lemma quad_form_two_point:
  assumes "i < n" "j < n" "i \<noteq> j"
  shows "quad_form n M (\<lambda>a. if a = i then t else if a = j then r else 0)
       = t * t * M $$ (i, i) + t * r * M $$ (i, j) + r * t * M $$ (j, i) + r * r * M $$ (j, j)"
proof -
  let ?x = "\<lambda>a. if a = i then t else if a = j then r else 0"
  have "(\<Sum>b<n. ?x a * M $$ (a, b) * ?x b) = (M $$ (a, i) * t + M $$ (a, j) * r) * ?x a" for a
    using sum_mult_two_point[OF assms, of "\<lambda>b. ?x a * M $$ (a, b)"] by (simp add: algebra_simps)
  then have "quad_form n M ?x = (\<Sum>a<n. (M $$ (a, i) * t + M $$ (a, j) * r) * ?x a)"
    unfolding quad_form_def by simp
  also have "\<dots> = t * t * M $$ (i, i) + t * r * M $$ (i, j) + r * t * M $$ (j, i) + r * r * M $$ (j, j)"
    unfolding sum_mult_two_point[OF assms] by (simp add: algebra_simps)
  finally show ?thesis .
qed

lemma rank_one_bound_sign:
  fixes a p q :: real
  assumes bound: "\<And>t r. 2 * t * r * a \<le> (p * t + q * r)\<^sup>2"
  shows "a = 0 \<or> p * q * a > 0"
proof (cases "a = 0")
  case False
  have "p \<noteq> 0"
  proof
    assume "p = 0"
    then have "q\<^sup>2 + 1 \<le> q\<^sup>2"
      using bound[of "(q\<^sup>2 + 1) / (2 * a)" 1] False by simp
    then show False by simp
  qed
  moreover have "q \<noteq> 0"
  proof
    assume "q = 0"
    then have "p\<^sup>2 + 1 \<le> p\<^sup>2"
      using bound[of 1 "(p\<^sup>2 + 1) / (2 * a)"] False by simp
    then show False by simp
  qed
  moreover have "p * q * a \<ge> 0"
    using bound[of q "- p"] by (simp add: algebra_simps)
  ultimately show ?thesis
    using False by (simp add: less_le)
qed simp

lemma balanced_if_quad_form_le_square:
  assumes sg: "signed_graph n A" and bound: "\<And>x. quad_form n A x \<le> (\<Sum>a<n. v a * x a)\<^sup>2"
  shows "structurally_balanced n A"
proof -
  have A: "A \<in> carrier_mat n n" and AT: "A\<^sup>T = A" and diag0: "\<And>i. i < n \<Longrightarrow> A $$ (i, i) = 0"
    using sg unfolding signed_graph_def by auto
  define s where "s i = (if v i \<ge> 0 then 1 else - 1 :: real)" for i
  have nonneg: "s i * A $$ (i, j) * s j \<ge> 0" if ij: "i < n" "j < n" for i j
  proof (cases "i = j")
    case False
    have "A $$ (j, i) = A $$ (i, j)"
      using AT A ij by (metis carrier_matD index_transpose_mat(1))
    then have "2 * t * r * A $$ (i, j) \<le> (v i * t + v j * r)\<^sup>2" for t r
      using bound[of "\<lambda>a. if a = i then t else if a = j then r else 0"] diag0 ij
      by (simp add: quad_form_two_point[OF ij False] sum_mult_two_point[OF ij False] algebra_simps)
    then have "A $$ (i, j) = 0 \<or> v i * v j * A $$ (i, j) > 0"
      by (rule rank_one_bound_sign)
    then show ?thesis
      unfolding s_def by (auto simp: zero_less_mult_iff mult_less_0_iff)
  qed (simp add: diag0 ij)
  show ?thesis
    unfolding structurally_balanced_def diag_matrix_def[symmetric]
  proof (intro exI[of _ s] conjI allI impI)
    fix i j assume ij: "i < n" "j < n"
    have "(diag_matrix n s * A * diag_matrix n s) $$ (i, j) = s i * A $$ (i, j) * s j"
      using A ij mult_carrier_mat[OF diag_matrix_carrier A]
      by (simp add: index_mult_diag_matrix[of _ n n] index_diag_matrix_mult[OF A] del: index_mult_mat)
    then show "0 \<le> (diag_matrix n s * A * diag_matrix n s) $$ (i, j)"
      using nonneg[OF ij] by simp
  qed (simp add: s_def)
qed

section \<open>The normalized signed Laplacian\<close>

definition normalized_adjacency :: "nat \<Rightarrow> real mat \<Rightarrow> real mat" where
  "normalized_adjacency n A =
     mat n n (\<lambda>(i, j). A $$ (i, j) / (sqrt (sdeg n A i) * sqrt (sdeg n A j)))"

lemma normalized_adjacency_carrier: "normalized_adjacency n A \<in> carrier_mat n n"
  by (simp add: normalized_adjacency_def)

lemma transpose_normalized_adjacency:
  assumes "signed_graph n A"
  shows "(normalized_adjacency n A)\<^sup>T = normalized_adjacency n A"
proof (rule eq_matI)
  fix i j assume "i < dim_row (normalized_adjacency n A)" "j < dim_col (normalized_adjacency n A)"
  then have ij: "i < n" "j < n" by (auto simp: normalized_adjacency_def)
  have "A $$ (j, i) = A $$ (i, j)"
    using assms ij unfolding signed_graph_def by (metis carrier_matD index_transpose_mat(1))
  then show "(normalized_adjacency n A)\<^sup>T $$ (i, j) = normalized_adjacency n A $$ (i, j)"
    using ij by (simp add: normalized_adjacency_def mult.commute)
qed (simp_all add: normalized_adjacency_def)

========

WHAT TO PRODUCE
From the data above, report how many lines hold the word "metis", answering with the number by itself.

SOLUTION BELOW
2